A yew where Magna Carta is thought to have been signed, the apple tree that inspired Newton’s theory of gravity and an 800-year oak believed to have sheltered Robin Hood are among the candidates for England’s first ‘tree of the year’.
Experts at the Woodland Trust and other nature groups have drawn up a shortlist of 10 trees that is open to a public vote to declare a winner based on their cultural and ecological value – and perhaps simply which one is the most-loved.
On the list is the Kett’s Oak in Norfolk, where farmer Robert Kett’s men met over five hundred years ago to lead the Norfolk Rebellion of peasants against robber barons, which was quashed and saw him executed at Norwich castle.

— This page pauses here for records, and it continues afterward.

(* Let $J=\{1,\ldots,n\}$ be a finite set of jobs to be processed on a single machine with preemption allowed, where job $i$ has a release time $r_i\ge 0$ and a processing requirement $p_i>0$. Let $S=[s_1,\ldots,s_n]$ be an ordering of $J$ (a completion sequence). Let $\omega$ be any schedule that has completion sequence $S$, i.e. $C_{s_i,\omega}\le C_{s_j,\omega}$ for all $i<j$. Define the schedule $\mathrm{Pri}_S$ by $\mathrm{Pri}_S(i,t)=1$ if $i$ is the first pending job at time $t$ to appear in $S$, and $\mathrm{Pri}_S(i,t)=0$ otherwise. Then $\mathrm{Pri}_S$ dominates $\omega$: for every job $i\in J$, $C_{i,\mathrm{Pri}_S}\le C_{i,\omega}$.
   Context: A schedule is a function $\omega(i,t)\in[0,1]$ giving the fraction of the single machine's resources allocated to job $i$ at time $t$, with $\sum_i \omega(i,t)\le 1$ for all $t$, $\omega(i,t)=0$ for $t<r_i$. Job $i$ is completed under $\omega$ at the time $C_{i,\omega}$ at which $\int_{r_i}^{C_{i,\omega}}\omega(i,t)\,dt=p_i$. A job is pending at time $t$ if it has been released ($t\ge r_i$) and not yet completed. Schedule $\omega$ dominates schedule $\omega'$ if $C_{i,\omega}\le C_{i,\omega'}$ for every job $i$. *)

theory Defs
  imports "HOL-Analysis.Analysis"
begin

definition is_schedule :: "'a set \<Rightarrow> ('a \<Rightarrow> real) \<Rightarrow> ('a \<Rightarrow> real \<Rightarrow> real) \<Rightarrow> bool" where
  "is_schedule J r w \<longleftrightarrow>
     (\<forall>i\<in>J. \<forall>t. 0 \<le> w i t \<and> w i t \<le> 1) \<and>
     (\<forall>t. (\<Sum>i\<in>J. w i t) \<le> 1) \<and>
     (\<forall>i\<in>J. \<forall>t. t < r i \<longrightarrow> w i t = 0) \<and>
     (\<forall>i\<in>J. \<forall>a b. (w i) integrable_on {a..b})"

definition work :: "('a \<Rightarrow> real) \<Rightarrow> ('a \<Rightarrow> real \<Rightarrow> real) \<Rightarrow> 'a \<Rightarrow> real \<Rightarrow> real" where
  "work r w i t = integral {r i..t} (w i)"

definition completion_time ::
  "('a \<Rightarrow> real) \<Rightarrow> ('a \<Rightarrow> real) \<Rightarrow> ('a \<Rightarrow> real \<Rightarrow> real) \<Rightarrow> 'a \<Rightarrow> real" where
  "completion_time r p w i = Inf {t. r i \<le> t \<and> work r w i t = p i}"

definition completes :: "('a \<Rightarrow> real) \<Rightarrow> ('a \<Rightarrow> real) \<Rightarrow> ('a \<Rightarrow> real \<Rightarrow> real) \<Rightarrow> 'a \<Rightarrow> bool" where
  "completes r p w i \<longleftrightarrow> (\<exists>t. r i \<le> t \<and> work r w i t = p i)"

definition pending :: "('a \<Rightarrow> real) \<Rightarrow> ('a \<Rightarrow> real) \<Rightarrow> ('a \<Rightarrow> real \<Rightarrow> real) \<Rightarrow> 'a \<Rightarrow> real \<Rightarrow> bool" where
  "pending r p w i t \<longleftrightarrow> r i \<le> t \<and> work r w i t < p i"

definition first_pending ::
  "'a list \<Rightarrow> ('a \<Rightarrow> real) \<Rightarrow> ('a \<Rightarrow> real) \<Rightarrow> ('a \<Rightarrow> real \<Rightarrow> real) \<Rightarrow> 'a \<Rightarrow> real \<Rightarrow> bool" where
  "first_pending S r p w i t \<longleftrightarrow>
     (\<exists>k<length S. S ! k = i \<and> pending r p w i t \<and>
        (\<forall>k'<k. \<not> pending r p w (S ! k') t))"

text \<open>w is the schedule Pri_S (a self-referential definition, since pending refers to w).\<close>
definition is_Pri ::
  "'a set \<Rightarrow> 'a list \<Rightarrow> ('a \<Rightarrow> real) \<Rightarrow> ('a \<Rightarrow> real) \<Rightarrow> ('a \<Rightarrow> real \<Rightarrow> real) \<Rightarrow> bool" where
  "is_Pri J S r p w \<longleftrightarrow> is_schedule J r w \<and>
     (\<forall>i t. w i t = (if first_pending S r p w i t then 1 else 0))"

definition has_completion_sequence ::
  "'a list \<Rightarrow> ('a \<Rightarrow> real) \<Rightarrow> ('a \<Rightarrow> real) \<Rightarrow> ('a \<Rightarrow> real \<Rightarrow> real) \<Rightarrow> bool" where
  "has_completion_sequence S r p w \<longleftrightarrow>
     (\<forall>a b. a < b \<and> b < length S \<longrightarrow>
        completion_time r p w (S ! a) \<le> completion_time r p w (S ! b))"

end

(*
  For every prefix A of S and every time t, Pri_S has given the jobs of A at least as much
  processing as w has, counting w's processing of each job j only up to p j.  Otherwise take
  the last time u before t at which this held: throughout (u, t] some job of A is pending
  under Pri_S, so Pri_S serves A at full rate, whereas w serves A at rate at most 1, and the
  inequality could not have been lost.  Just after C_{i,w} every job of the prefix ending in i
  is finished under w, hence has received its full requirement under Pri_S as well, because
  Pri_S never serves a completed job.

  Pri_S is defined self-referentially; it exists because jobs later in S never influence
  earlier ones, so it can be built by appending one job at a time.
*)

theory Submission
  imports Defs
begin

lemma integral_vanishing_before:
  fixes f :: "real \<Rightarrow> real"
  assumes "\<And>x. x < r \<Longrightarrow> f x = 0" "s \<le> r"
  shows "integral {m..s} f = 0"
proof -
  have "integral {m..s} f = integral {m..s} (\<lambda>_. 0::real)"
    by (rule integral_spike[of "{r}"]) (use assms in auto)
  then show ?thesis by simp
qed

lemma integral_from_release:
  fixes f :: "real \<Rightarrow> real"
  assumes zero: "\<And>x. x < r \<Longrightarrow> f x = 0" and int: "\<And>a b. f integrable_on {a..b}"
    and "m \<le> r" "m \<le> s"
  shows "integral {r..s} f = integral {m..s} f"
proof (cases "s \<le> r")
  case True
  then show ?thesis using integral_vanishing_before[OF zero True] by simp
next
  case False
  have "integral {m..r} f + integral {r..s} f = integral {m..s} f"
    by (rule Henstock_Kurzweil_Integration.integral_combine) (use assms False int in auto)
  moreover have "integral {m..r} f = 0" by (rule integral_vanishing_before[OF zero order_refl])
  ultimately show ?thesis by simp
qed

lemma integral_from_release_diff:
  fixes f :: "real \<Rightarrow> real"
  assumes zero: "\<And>x. x < r \<Longrightarrow> f x = 0" and int: "\<And>a b. f integrable_on {a..b}"
    and "u \<le> t"
  shows "integral {r..t} f - integral {r..u} f = integral {u..t} f"
proof -
  define m where "m = min u r"
  have "integral {r..t} f = integral {m..t} f" "integral {r..u} f = integral {m..u} f"
    using integral_from_release[OF zero int] assms by (auto simp: m_def)
  moreover have "integral {m..u} f + integral {u..t} f = integral {m..t} f"
    by (rule Henstock_Kurzweil_Integration.integral_combine) (use assms int in \<open>auto simp: m_def\<close>)
  ultimately show ?thesis by simp
qed
(* Preorder code of the shape of the decreasing binary tree of w. *)
function shape_code :: "nat list \<Rightarrow> bool list" where
  "shape_code w =
     (if w = [] then []
      else (let m = Max (set w);
                L = takeWhile (\<lambda>x. x \<noteq> m) w;
                R = tl (dropWhile (\<lambda>x. x \<noteq> m) w)
            in True # shape_code L @ False # shape_code R))"
  by pat_completeness auto
termination
proof (relation "measure length", goal_cases)
  case (2 w m L)
  then have "dropWhile (\<lambda>x. x \<noteq> m) w \<noteq> []"
    by (simp add: dropWhile_eq_Nil_conv)
  moreover have "length w = length L + length (dropWhile (\<lambda>x. x \<noteq> m) w)"
    using 2 by (simp flip: length_append)
  ultimately show ?case by simp
next
  case (3 w m)
  then show ?case
    using length_dropWhile_le[of "\<lambda>x. x \<noteq> m" w] by (cases w) auto
qed simp

declare shape_code.simps [simp del]

lemma shape_code_Nil [simp]: "shape_code [] = []"
  by (simp add: shape_code.simps)

lemma shape_code_max_split:
  assumes "\<forall>x\<in>set L \<union> set R. x < m"
  shows "shape_code (L @ m # R) = True # shape_code L @ False # shape_code R"
  unfolding shape_code.simps[of "L @ m # R"] Let_def max_split_parts[OF assms] by simp

lemma length_shape_code: "distinct w \<Longrightarrow> length (shape_code w) = 2 * length w"
  by (induction w rule: distinct_max_split_induct) (simp_all add: shape_code_max_split)

lemma shape_code_prefix_free:
  assumes "distinct u" "distinct v" "shape_code u @ False # xs = shape_code v @ False # ys"
  shows "shape_code u = shape_code v"
  using assms
proof (induction u arbitrary: v xs ys rule: distinct_max_split_induct)
  case Nil
  then show ?case
    by (cases "v = []") (auto elim: distinct_max_split simp: shape_code_max_split)
next
  case (max_split L m R)
  have "v \<noteq> []"
    using max_split.prems(2) max_split.hyps(2) by (auto simp: shape_code_max_split)
  with max_split.prems(1) obtain L' m' R' where v: "v = L' @ m' # R'"
    and less': "\<forall>x\<in>set L' \<union> set R'. x < m'"
    by (rule distinct_max_split)
  have "shape_code L @ False # (shape_code R @ False # xs) = shape_code L' @ False # (shape_code R' @ False # ys)"
    using max_split.prems(2) max_split.hyps(2) less' by (simp add: v shape_code_max_split)
  moreover from this have "shape_code L = shape_code L'"
    using max_split.IH(1) max_split.prems(1) v by simp
  ultimately have "shape_code R = shape_code R'"
    using max_split.IH(2) max_split.prems(1) v by simp
  with \<open>shape_code L = shape_code L'\<close> show ?case
    using max_split.hyps(2) less' by (simp add: v shape_code_max_split)
qed

lemma stack_sort_shape_code_inject:
  assumes "distinct u" "distinct v"
    and "stack_sort u = stack_sort v" "shape_code u = shape_code v"
  shows "u = v"
  using assms
proof (induction u arbitrary: v rule: distinct_max_split_induct)
  case Nil
  then show ?case
    using length_shape_code[of v] by simp
next
  case (max_split L m R)
  have "v \<noteq> []"
    using max_split.prems(3) max_split.hyps(2) by (auto simp: shape_code_max_split)
  with max_split.prems(1) obtain L' m' R' where v: "v = L' @ m' # R'"
    and less': "\<forall>x\<in>set L' \<union> set R'. x < m'"
    by (rule distinct_max_split)
  have sort_eq: "stack_sort L @ stack_sort R @ [m] = stack_sort L' @ stack_sort R' @ [m']"
    using max_split.prems(2) max_split.hyps(2) less' by (simp add: v stack_sort_max_split)
  have code_eq: "shape_code L @ False # shape_code R = shape_code L' @ False # shape_code R'"
    using max_split.prems(3) max_split.hyps(2) less' by (simp add: v shape_code_max_split)
  have dist: "distinct L" "distinct R" "distinct L'" "distinct R'"
    using max_split.hyps(1) max_split.prems(1) by (simp_all add: v)
  have code_L: "shape_code L = shape_code L'"
    using shape_code_prefix_free[OF dist(1,3) code_eq] .
  with code_eq have code_R: "shape_code R = shape_code R'"
    by simp
  from code_L have "length (stack_sort L) = length (stack_sort L')"
    using length_shape_code[of L] length_shape_code[of L'] dist by simp
  with sort_eq have "stack_sort L = stack_sort L'" "stack_sort R = stack_sort R'" "m = m'"
    by (simp_all add: append_eq_append_conv)
  with code_L code_R dist have "L = L'" "R = R'" "m = m'"
    using max_split.IH by blast+
  then show ?case
    by (simp add: v)
qed

section \<open>Pairs of permutations with the same image\<close>

lemma sum_card_fibre_squared:
  assumes "finite X" "finite Y" "f ` X \<subseteq> Y"
  shows "(\<Sum>y\<in>Y. card {x\<in>X. f x = y} ^ 2) = card {(x, x') \<in> X \<times> X. f x = f x'}"
proof -
  have "{(x, x') \<in> X \<times> X. f x = f x'} = (\<Union>y\<in>Y. {x\<in>X. f x = y} \<times> {x\<in>X. f x = y})"
    using assms(3) by auto
  also have "card \<dots> = (\<Sum>y\<in>Y. card ({x\<in>X. f x = y} \<times> {x\<in>X. f x = y}))"
    using assms(1,2) by (intro card_UN_disjoint) auto
  finally show ?thesis
    by (simp add: card_cartesian_product power2_eq_square)
qed

lemma map_deg_eq_card_kernel:
  assumes "finite X" "finite Y" "f ` X \<subseteq> Y"
  shows "map_deg f X Y = card {(x, x') \<in> X \<times> X. f x = f x'} / card X"
  unfolding map_deg_def sum_card_fibre_squared[OF assms, symmetric] by simp

definition same_sort_pairs :: "nat set \<Rightarrow> (nat list \<times> nat list) set" where
  "same_sort_pairs A =
     {(w, w') \<in> permutations_of_set A \<times> permutations_of_set A. stack_sort w = stack_sort w'}"

definition same_sort_count :: "nat \<Rightarrow> nat" where
  "same_sort_count n = card (same_sort_pairs {1..n})"

lemma perms_eq_permutations_of_set: "perms n = permutations_of_set {1..n}"
  unfolding perms_def permutations_of_set_def by auto

lemma stack_sort_permutations_of_set:
  "w \<in> permutations_of_set A \<Longrightarrow> stack_sort w \<in> permutations_of_set A"
  by (simp add: permutations_of_set_def)

lemma map_deg_stack_sort: "map_deg stack_sort (perms n) (perms n) = same_sort_count n / fact n"
  unfolding perms_eq_permutations_of_set same_sort_count_def same_sort_pairs_def
  by (subst map_deg_eq_card_kernel) (auto simp: stack_sort_permutations_of_set)

lemma finite_same_sort_pairs [simp]: "finite (same_sort_pairs A)"
  unfolding same_sort_pairs_def by (rule finite_subset[of _ "_ \<times> _"]) auto

lemma same_sort_pairs_image:
  assumes "strict_mono_on A f"
  shows "same_sort_pairs (f ` A) = map_prod (map f) (map f) ` same_sort_pairs A"
proof -
  have inj: "inj_on f A"
    using assms by (rule strict_mono_on_imp_inj_on)
  have sort_map: "stack_sort (map f w) = map f (stack_sort w)" if "w \<in> permutations_of_set A" for w
    using that assms by (intro stack_sort_map) (auto simp: permutations_of_set_def)
  have "map f (stack_sort w) = map f (stack_sort w') \<longleftrightarrow> stack_sort w = stack_sort w'"
    if "w \<in> permutations_of_set A" "w' \<in> permutations_of_set A" for w w'
    using that inj by (intro inj_on_map_eq_map) (auto simp: permutations_of_set_def)
  with sort_map show ?thesis
    unfolding same_sort_pairs_def permutations_of_set_image_inj[OF inj] by fastforce
qed

lemma card_same_sort_pairs_image:
  assumes "strict_mono_on A f"
  shows "card (same_sort_pairs (f ` A)) = card (same_sort_pairs A)"
proof -
  have inj_map: "inj_on (map f) (permutations_of_set A)"
    using strict_mono_on_imp_inj_on[OF assms]
    by (intro inj_on_mapI) (auto simp: permutations_of_set_def intro: inj_on_subset)
  have "inj_on (map_prod (map f) (map f)) (same_sort_pairs A)"
    by (rule inj_on_subset[OF map_prod_inj_on[OF inj_map inj_map]]) (auto simp: same_sort_pairs_def)
  then show ?thesis
    by (simp add: same_sort_pairs_image[OF assms] card_image)
qed

lemma card_same_sort_pairs:
  assumes "finite A"
  shows "card (same_sort_pairs A) = same_sort_count (card A)"
proof -
  define xs where "xs = sorted_list_of_set A"
  define f where "f i = xs ! (i - 1)" for i
  have xs: "sorted_wrt (<) xs" "set xs = A" "length xs = card A"
    using assms by (simp_all add: xs_def)
  have "strict_mono_on {1..card A} f"
    using xs by (intro strict_mono_onI) (auto simp: f_def sorted_wrt_nth_less)
  moreover have "f ` {1..card A} = A"
  proof -
    have "f ` {1..card A} = (!) xs ` {0..<card A}"
      by (force simp: f_def image_iff Bex_def intro: exI[of _ "Suc _"])
    also have "\<dots> = set xs"
      using xs(3) by (auto simp: set_conv_nth)
    finally show ?thesis
      using xs(2) by simp
  qed
  ultimately show ?thesis
    unfolding same_sort_count_def by (metis card_same_sort_pairs_image)
qed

Other history-laden trees in the running include the Ankerwycke Yew at Runnymede where King John sealed the Magna Carta, and the Flower of Kent apple tree at Woolsthorpe Manor, Lincolnshire, that Isaac Newton sat under.
They face the tree with the widest span in the whole of the UK – the Shugborough Yew in Staffordshire – and the Allerton tree in Liverpool, which would have been the last sight of England for many migrants leaving the docks for America.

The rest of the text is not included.